Obviously Peta is what opened my eyes to everything. I've known about Peta for a long time now. But never did I actually comprehend the cruel things going on with animals, other than them being slaughtered for someone's stomach to be filled temporarily. Anyways, I was reading a Peta2 vegan recipe booklet and I was reading all these sad, sad, sad, cruel stories about these innocent animals. And I must have been extra emotional, because while I was reading it I was hysterically crying - for an hour. haha. But honestly. This world is just so fucked up. I'm sure you're very aware of that.
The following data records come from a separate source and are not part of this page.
lemma betaSpec_le_add:
  assumes f: "classS f" and g: "classS g" and "r0 < 1"
    and bnd: "\<And>z. r0 < norm z \<Longrightarrow> norm z < 1 \<Longrightarrow>
      norm (preSchwarz g z - preSchwarz f z) * (1 - (norm z)\<^sup>2) \<le> c"
  shows "betaSpec g \<tau> \<le> betaSpec f \<tau> + ereal (norm \<tau> * c)"
proof -
  note Lf = classS_logderiv[OF f] and Lg = classS_logderiv[OF g]
  define h where "h z = logderiv g z - logderiv f z" for z
  have hol: "h holomorphic_on ball 0 1"
    unfolding h_def by (intro holomorphic_intros Lf(1) Lg(1))
  have "norm (deriv h z) * (1 - norm z) \<le> c" if z: "r0 < norm z" "norm z < 1" for z
  proof -
    have zb: "z \<in> ball 0 1"
      using z by simp
    have "deriv h z = preSchwarz g z - preSchwarz f z"
      unfolding h_def using deriv_diff holomorphic_on_imp_differentiable_at[OF _ open_ball zb]
        Lf(1) Lg(1) deriv_logderiv[OF f zb] deriv_logderiv[OF g zb] by metis
    moreover have "1 - norm z \<le> 1 - (norm z)\<^sup>2"
      using z by (simp add: power2_eq_square mult_left_le_one_le)
    ultimately show ?thesis
      using bnd[OF z] by (smt (verit) mult_left_mono norm_ge_zero)
  qed
  then obtain M where M: "\<And>z. z \<in> ball 0 1 \<Longrightarrow> norm (h z) \<le> M - c * ln (1 - norm z)"
    using holomorphic_log_growth[OF hol \<open>r0 < 1\<close>] by blast
  have "\<forall>\<^sub>F r in at_left 1. 0 < integral_mean g \<tau> r \<and> 0 < integral_mean f \<tau> r
      \<and> integral_mean g \<tau> r \<le> exp (norm \<tau> * M) * (1 - r) powr (- (norm \<tau> * c)) * integral_mean f \<tau> r"
    using eventually_at_left_real[OF zero_less_one]
  proof eventually_elim
    case (elim r)
    have "norm (h (of_real r * cis \<theta>)) \<le> M - c * ln (1 - r)" for \<theta>
      using M[of "of_real r * cis \<theta>"] elim by (simp add: norm_mult)
    then have "integral_mean g \<tau> r \<le> exp (norm \<tau> * (M - c * ln (1 - r))) * integral_mean f \<tau> r"
      using elim unfolding h_def by (intro integral_mean_le_integral_mean[OF f g]) auto
    then show ?case
      using elim integral_mean_pos[OF f, of r \<tau>] integral_mean_pos[OF g, of r \<tau>]
      by (simp add: exp_log_growth_eq_powr)
  qed
  then show ?thesis
    unfolding betaSpec_integral_mean by (intro Limsup_log_ratio_le) auto
qed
It's sad not many people know about the violent, cruel things going on in this world.. not even my family knows, nor will they listen when I try to explain it to them. They're completely stubborn and want to believe what they want to believe in their cannibal minds. :|

If I do have a future. I already know I want to rescue as many animals as possible. Farm animals included. Any animal that needs a home. That's something I really, really want to do in life. I know I wont be able to do that for a very long time. But I want to give my life meaning, and be able to save lives and give animals comfort and happiness. I've always been an animal lover. aha
I'm so corny. But I'm being completely honest right now.

And if I have a family of my own. I'm totally raising vegan children. It's absolutely safe for infants to be vegan and grow up still being vegan. I've done plenty of research. It's actually a lot healthier for babies to grow up that way, a lot healthier than giving your child a pile of fatty, toxic meat and a cup full of toxic, milk pus. Seriously... And the things people do to acheive that glass of milk, and that slice of cheese on your sandwich. It's the most fucking disturbing thing. In many, many ways.

I just wish, that people could take the time out of their 'oh so' busy day, and actually look into this. Look into what you're putting into your system, into your child's system. I am just beyond terrified and disgusted about it all. And that I didn't know about it sooner.